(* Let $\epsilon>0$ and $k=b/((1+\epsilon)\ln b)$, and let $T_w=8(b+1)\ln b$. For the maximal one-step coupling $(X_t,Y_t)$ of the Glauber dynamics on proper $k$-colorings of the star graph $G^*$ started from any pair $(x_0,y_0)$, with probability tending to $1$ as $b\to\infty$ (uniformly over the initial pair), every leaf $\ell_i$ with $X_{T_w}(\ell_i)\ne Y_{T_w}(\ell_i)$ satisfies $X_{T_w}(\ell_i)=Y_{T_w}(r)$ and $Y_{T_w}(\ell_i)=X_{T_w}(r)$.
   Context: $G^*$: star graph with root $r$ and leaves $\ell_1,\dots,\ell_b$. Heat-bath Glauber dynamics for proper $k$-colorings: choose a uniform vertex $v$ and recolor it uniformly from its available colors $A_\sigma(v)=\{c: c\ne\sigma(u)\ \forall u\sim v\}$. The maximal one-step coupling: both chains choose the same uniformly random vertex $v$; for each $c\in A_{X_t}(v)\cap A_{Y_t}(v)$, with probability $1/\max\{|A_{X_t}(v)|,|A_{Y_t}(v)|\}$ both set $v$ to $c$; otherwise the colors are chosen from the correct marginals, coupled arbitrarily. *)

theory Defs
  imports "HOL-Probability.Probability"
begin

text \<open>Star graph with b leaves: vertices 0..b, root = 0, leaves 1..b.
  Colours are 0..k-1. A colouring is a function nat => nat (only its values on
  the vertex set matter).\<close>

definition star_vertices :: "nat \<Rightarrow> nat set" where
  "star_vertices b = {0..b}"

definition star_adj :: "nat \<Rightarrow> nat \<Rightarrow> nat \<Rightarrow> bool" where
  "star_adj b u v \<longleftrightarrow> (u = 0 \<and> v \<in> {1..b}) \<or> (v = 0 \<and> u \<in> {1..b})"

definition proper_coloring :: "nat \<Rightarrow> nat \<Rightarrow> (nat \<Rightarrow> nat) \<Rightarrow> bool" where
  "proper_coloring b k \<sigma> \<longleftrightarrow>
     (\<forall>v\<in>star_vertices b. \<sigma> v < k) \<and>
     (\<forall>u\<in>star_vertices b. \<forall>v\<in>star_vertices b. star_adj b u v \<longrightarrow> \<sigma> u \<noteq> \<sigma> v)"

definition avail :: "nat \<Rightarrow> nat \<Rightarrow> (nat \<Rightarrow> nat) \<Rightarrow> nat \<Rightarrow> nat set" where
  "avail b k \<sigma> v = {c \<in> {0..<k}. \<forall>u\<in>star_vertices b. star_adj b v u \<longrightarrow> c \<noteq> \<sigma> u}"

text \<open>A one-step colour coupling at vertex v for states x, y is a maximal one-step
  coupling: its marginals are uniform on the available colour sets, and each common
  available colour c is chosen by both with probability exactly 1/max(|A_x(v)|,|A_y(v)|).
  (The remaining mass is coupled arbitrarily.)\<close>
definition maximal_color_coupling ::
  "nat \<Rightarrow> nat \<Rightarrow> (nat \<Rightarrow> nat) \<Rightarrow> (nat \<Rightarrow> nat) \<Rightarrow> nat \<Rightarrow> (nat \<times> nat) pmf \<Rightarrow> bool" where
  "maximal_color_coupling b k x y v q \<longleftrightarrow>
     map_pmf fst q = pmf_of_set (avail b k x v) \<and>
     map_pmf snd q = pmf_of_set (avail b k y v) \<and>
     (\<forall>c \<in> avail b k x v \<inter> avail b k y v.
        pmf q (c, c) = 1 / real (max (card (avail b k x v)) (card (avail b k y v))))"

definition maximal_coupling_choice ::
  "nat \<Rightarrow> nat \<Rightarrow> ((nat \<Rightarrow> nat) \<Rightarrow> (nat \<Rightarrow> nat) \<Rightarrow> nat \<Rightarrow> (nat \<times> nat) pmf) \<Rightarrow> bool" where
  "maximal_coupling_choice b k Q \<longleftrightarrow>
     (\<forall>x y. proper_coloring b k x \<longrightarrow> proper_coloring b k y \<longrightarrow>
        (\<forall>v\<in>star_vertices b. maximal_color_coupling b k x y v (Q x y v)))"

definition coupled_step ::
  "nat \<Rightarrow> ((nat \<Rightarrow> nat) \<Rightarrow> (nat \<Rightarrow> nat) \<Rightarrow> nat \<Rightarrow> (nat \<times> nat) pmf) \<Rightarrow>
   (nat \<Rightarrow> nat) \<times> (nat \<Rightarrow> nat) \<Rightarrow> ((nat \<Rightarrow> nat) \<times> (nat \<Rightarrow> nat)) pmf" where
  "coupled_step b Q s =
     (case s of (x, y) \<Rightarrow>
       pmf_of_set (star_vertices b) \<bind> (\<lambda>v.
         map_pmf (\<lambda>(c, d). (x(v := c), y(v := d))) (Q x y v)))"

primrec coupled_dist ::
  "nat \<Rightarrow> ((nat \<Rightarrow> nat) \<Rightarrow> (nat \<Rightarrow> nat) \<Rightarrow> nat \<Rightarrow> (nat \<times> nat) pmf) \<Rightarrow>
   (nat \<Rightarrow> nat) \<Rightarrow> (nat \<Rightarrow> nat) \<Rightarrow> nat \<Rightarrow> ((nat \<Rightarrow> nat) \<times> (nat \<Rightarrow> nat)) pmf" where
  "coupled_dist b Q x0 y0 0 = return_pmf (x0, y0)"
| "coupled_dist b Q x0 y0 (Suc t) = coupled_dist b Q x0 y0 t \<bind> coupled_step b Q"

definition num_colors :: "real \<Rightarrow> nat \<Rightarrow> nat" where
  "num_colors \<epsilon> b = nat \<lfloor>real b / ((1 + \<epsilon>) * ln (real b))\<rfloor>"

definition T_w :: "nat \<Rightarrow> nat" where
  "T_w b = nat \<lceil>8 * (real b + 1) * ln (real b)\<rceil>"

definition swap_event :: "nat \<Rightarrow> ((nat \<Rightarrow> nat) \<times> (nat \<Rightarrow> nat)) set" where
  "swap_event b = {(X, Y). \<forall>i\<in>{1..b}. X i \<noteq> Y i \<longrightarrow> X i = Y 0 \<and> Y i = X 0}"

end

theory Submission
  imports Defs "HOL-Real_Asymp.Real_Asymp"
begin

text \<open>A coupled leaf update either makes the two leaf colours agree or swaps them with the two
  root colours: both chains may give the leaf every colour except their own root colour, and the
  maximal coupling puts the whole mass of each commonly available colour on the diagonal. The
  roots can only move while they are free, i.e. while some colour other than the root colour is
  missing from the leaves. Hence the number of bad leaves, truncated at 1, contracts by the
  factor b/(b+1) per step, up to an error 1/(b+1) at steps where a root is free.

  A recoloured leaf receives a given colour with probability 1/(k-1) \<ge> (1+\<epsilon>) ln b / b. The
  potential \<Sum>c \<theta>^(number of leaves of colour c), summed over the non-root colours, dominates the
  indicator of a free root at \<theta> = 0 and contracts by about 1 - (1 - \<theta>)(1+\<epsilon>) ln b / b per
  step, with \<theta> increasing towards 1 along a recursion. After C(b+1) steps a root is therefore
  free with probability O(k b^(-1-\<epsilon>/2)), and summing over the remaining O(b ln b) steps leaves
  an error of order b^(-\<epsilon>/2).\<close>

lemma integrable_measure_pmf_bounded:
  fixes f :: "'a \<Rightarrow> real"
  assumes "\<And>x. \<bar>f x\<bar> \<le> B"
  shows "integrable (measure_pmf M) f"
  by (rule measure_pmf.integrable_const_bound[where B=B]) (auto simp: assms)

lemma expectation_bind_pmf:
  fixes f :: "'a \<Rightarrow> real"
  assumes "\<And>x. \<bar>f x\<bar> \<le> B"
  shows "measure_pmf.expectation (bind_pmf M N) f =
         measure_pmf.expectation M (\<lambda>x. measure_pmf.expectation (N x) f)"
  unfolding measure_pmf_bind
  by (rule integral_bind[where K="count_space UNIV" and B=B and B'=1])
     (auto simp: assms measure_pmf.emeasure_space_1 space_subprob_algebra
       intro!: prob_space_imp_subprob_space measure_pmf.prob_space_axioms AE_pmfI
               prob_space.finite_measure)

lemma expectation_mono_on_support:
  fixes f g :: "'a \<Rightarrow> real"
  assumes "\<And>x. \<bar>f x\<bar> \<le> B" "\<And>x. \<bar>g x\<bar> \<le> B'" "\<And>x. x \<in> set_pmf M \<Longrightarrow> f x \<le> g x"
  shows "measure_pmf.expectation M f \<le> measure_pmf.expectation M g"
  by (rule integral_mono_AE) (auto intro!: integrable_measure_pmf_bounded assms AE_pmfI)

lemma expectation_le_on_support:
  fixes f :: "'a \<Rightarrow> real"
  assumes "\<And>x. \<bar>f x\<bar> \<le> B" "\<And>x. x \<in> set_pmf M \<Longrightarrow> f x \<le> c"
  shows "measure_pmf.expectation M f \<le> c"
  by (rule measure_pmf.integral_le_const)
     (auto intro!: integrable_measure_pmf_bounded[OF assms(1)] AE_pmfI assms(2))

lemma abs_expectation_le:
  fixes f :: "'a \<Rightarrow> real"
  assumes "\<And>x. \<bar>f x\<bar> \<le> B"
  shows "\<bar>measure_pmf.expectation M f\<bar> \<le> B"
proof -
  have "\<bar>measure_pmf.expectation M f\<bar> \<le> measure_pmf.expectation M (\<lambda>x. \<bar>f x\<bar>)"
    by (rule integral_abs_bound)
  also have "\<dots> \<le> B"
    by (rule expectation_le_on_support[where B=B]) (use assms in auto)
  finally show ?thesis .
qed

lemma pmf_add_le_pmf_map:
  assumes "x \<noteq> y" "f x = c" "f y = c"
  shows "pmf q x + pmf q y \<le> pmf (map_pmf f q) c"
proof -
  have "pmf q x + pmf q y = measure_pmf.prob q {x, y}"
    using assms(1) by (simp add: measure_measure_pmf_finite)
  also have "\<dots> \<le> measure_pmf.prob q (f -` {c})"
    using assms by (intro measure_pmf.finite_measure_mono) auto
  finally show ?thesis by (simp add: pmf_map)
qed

= = =

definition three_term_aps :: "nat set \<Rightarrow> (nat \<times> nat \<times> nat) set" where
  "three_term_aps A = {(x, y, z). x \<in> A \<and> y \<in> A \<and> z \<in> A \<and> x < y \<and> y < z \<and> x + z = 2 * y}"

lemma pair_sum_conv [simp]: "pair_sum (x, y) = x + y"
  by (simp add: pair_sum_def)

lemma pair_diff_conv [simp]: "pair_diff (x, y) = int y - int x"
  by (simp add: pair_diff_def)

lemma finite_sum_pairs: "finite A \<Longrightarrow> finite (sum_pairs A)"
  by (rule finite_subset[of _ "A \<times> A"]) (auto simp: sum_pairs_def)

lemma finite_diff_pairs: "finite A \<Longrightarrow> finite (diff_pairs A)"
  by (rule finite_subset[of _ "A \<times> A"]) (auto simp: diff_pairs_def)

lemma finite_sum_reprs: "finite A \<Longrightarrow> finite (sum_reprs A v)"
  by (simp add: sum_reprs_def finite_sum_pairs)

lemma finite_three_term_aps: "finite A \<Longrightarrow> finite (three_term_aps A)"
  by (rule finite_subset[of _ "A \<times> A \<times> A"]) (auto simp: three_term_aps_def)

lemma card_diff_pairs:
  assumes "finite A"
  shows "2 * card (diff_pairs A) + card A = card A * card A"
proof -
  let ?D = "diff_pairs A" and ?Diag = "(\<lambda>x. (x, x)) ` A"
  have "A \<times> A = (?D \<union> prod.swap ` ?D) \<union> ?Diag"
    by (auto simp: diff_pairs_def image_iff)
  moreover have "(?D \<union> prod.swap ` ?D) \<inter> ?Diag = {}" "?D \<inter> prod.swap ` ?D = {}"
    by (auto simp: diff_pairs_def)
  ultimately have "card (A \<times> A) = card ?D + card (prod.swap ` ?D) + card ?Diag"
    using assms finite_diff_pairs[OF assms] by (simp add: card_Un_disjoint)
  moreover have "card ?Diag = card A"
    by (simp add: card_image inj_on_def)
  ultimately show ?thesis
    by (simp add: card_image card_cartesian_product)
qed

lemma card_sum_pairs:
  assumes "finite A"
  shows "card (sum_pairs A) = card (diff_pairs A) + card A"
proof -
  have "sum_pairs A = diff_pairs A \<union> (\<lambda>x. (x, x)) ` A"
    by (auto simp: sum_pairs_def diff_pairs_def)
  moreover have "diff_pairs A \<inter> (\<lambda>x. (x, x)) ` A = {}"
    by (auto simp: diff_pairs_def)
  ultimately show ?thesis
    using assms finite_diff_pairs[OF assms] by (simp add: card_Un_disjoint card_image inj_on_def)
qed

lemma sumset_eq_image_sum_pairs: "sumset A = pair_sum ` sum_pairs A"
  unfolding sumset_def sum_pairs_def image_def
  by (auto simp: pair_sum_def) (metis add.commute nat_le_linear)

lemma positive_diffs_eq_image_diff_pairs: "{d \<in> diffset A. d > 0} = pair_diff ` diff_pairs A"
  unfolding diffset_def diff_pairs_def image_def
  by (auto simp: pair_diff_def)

= = =

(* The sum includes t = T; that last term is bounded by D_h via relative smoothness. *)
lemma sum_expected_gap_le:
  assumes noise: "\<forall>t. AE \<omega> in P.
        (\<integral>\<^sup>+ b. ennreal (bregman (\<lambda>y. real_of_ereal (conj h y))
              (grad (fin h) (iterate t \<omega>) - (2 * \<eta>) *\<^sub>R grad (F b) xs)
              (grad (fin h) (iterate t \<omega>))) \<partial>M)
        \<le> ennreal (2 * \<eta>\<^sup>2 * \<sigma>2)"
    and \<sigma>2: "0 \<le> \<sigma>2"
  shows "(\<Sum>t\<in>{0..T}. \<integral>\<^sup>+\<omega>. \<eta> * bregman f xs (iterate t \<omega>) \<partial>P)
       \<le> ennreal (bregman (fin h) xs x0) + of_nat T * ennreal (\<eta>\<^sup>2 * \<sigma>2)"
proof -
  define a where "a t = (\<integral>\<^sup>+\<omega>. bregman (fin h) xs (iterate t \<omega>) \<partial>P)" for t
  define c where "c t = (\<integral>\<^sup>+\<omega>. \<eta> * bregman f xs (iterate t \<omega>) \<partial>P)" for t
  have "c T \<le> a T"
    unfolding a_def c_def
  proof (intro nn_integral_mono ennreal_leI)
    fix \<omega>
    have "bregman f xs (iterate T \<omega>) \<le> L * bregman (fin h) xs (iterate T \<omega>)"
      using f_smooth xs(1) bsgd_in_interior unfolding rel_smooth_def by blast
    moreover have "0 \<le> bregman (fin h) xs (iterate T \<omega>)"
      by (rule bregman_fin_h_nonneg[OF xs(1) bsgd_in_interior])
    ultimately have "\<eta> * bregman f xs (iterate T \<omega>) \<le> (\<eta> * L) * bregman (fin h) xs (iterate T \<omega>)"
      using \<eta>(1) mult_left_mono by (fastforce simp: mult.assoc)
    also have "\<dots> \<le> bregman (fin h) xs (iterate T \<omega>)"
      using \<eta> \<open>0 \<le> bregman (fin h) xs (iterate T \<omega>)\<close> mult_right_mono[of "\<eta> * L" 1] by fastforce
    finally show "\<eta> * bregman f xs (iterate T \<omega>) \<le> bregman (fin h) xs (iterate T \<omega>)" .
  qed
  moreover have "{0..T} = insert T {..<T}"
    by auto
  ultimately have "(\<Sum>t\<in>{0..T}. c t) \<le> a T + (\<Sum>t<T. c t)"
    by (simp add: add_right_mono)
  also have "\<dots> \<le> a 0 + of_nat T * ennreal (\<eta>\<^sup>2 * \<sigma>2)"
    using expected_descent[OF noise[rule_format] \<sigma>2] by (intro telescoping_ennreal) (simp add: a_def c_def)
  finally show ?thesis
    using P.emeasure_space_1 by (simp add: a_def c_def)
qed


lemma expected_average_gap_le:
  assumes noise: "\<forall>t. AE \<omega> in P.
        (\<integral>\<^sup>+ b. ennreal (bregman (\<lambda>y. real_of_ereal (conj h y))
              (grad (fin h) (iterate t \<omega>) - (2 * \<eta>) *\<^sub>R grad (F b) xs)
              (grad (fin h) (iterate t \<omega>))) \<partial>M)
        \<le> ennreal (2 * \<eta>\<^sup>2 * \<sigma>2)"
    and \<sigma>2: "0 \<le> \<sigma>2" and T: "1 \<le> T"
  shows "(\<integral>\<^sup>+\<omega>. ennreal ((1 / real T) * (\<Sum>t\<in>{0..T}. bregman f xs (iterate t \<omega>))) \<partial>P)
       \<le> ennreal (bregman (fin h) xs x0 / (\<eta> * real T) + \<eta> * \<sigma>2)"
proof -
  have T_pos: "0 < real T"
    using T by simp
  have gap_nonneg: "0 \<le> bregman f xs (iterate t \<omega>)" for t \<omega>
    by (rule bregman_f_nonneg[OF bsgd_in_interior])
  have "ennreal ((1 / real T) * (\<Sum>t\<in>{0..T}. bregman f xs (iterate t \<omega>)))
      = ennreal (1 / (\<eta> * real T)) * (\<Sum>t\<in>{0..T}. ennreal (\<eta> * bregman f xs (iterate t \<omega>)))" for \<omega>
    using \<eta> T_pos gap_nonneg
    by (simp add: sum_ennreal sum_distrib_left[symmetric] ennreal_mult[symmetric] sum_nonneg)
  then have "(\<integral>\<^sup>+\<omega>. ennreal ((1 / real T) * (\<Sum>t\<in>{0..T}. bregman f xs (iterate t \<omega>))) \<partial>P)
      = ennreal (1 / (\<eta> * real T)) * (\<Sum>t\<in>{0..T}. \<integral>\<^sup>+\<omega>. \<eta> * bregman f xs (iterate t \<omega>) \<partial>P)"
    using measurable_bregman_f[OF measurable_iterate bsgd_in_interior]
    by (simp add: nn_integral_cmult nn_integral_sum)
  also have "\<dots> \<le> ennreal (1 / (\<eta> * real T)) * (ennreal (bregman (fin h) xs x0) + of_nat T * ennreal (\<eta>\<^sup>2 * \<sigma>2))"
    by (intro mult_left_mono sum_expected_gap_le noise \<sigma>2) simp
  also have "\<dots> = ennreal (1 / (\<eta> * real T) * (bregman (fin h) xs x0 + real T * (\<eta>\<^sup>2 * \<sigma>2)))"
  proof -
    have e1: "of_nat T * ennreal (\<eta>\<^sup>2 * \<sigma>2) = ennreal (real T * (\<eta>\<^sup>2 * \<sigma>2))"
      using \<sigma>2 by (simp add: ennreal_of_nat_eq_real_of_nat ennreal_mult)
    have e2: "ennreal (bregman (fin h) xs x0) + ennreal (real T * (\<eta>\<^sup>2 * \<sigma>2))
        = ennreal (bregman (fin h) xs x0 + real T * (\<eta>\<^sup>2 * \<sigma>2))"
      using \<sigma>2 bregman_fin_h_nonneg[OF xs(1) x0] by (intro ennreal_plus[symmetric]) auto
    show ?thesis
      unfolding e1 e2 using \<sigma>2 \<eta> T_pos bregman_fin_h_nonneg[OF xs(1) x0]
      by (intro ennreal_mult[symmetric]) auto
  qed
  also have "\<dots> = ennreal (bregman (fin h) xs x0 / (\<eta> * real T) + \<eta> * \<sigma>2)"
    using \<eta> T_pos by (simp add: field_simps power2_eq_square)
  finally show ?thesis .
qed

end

= = =

**How to complete this task:**
Given the records above, return exactly the lines starting at the line containing "(auto simp: three_term_aps_def)" and ending at the line containing "diffset A. d", including both.

**Task response:**
  by (rule finite_subset[of _ "A \<times> A \<times> A"]) (auto simp: three_term_aps_def)

lemma card_diff_pairs:
  assumes "finite A"
  shows "2 * card (diff_pairs A) + card A = card A * card A"
proof -
  let ?D = "diff_pairs A" and ?Diag = "(\<lambda>x. (x, x)) ` A"
  have "A \<times> A = (?D \<union> prod.swap ` ?D) \<union> ?Diag"
    by (auto simp: diff_pairs_def image_iff)
  moreover have "(?D \<union> prod.swap ` ?D) \<inter> ?Diag = {}" "?D \<inter> prod.swap ` ?D = {}"
    by (auto simp: diff_pairs_def)
  ultimately have "card (A \<times> A) = card ?D + card (prod.swap ` ?D) + card ?Diag"
    using assms finite_diff_pairs[OF assms] by (simp add: card_Un_disjoint)
  moreover have "card ?Diag = card A"
    by (simp add: card_image inj_on_def)
  ultimately show ?thesis
    by (simp add: card_image card_cartesian_product)
qed

lemma card_sum_pairs:
  assumes "finite A"
  shows "card (sum_pairs A) = card (diff_pairs A) + card A"
proof -
  have "sum_pairs A = diff_pairs A \<union> (\<lambda>x. (x, x)) ` A"
    by (auto simp: sum_pairs_def diff_pairs_def)
  moreover have "diff_pairs A \<inter> (\<lambda>x. (x, x)) ` A = {}"
    by (auto simp: diff_pairs_def)
  ultimately show ?thesis
    using assms finite_diff_pairs[OF assms] by (simp add: card_Un_disjoint card_image inj_on_def)
qed

lemma sumset_eq_image_sum_pairs: "sumset A = pair_sum ` sum_pairs A"
  unfolding sumset_def sum_pairs_def image_def
  by (auto simp: pair_sum_def) (metis add.commute nat_le_linear)

lemma positive_diffs_eq_image_diff_pairs: "{d \<in> diffset A. d > 0} = pair_diff ` diff_pairs A"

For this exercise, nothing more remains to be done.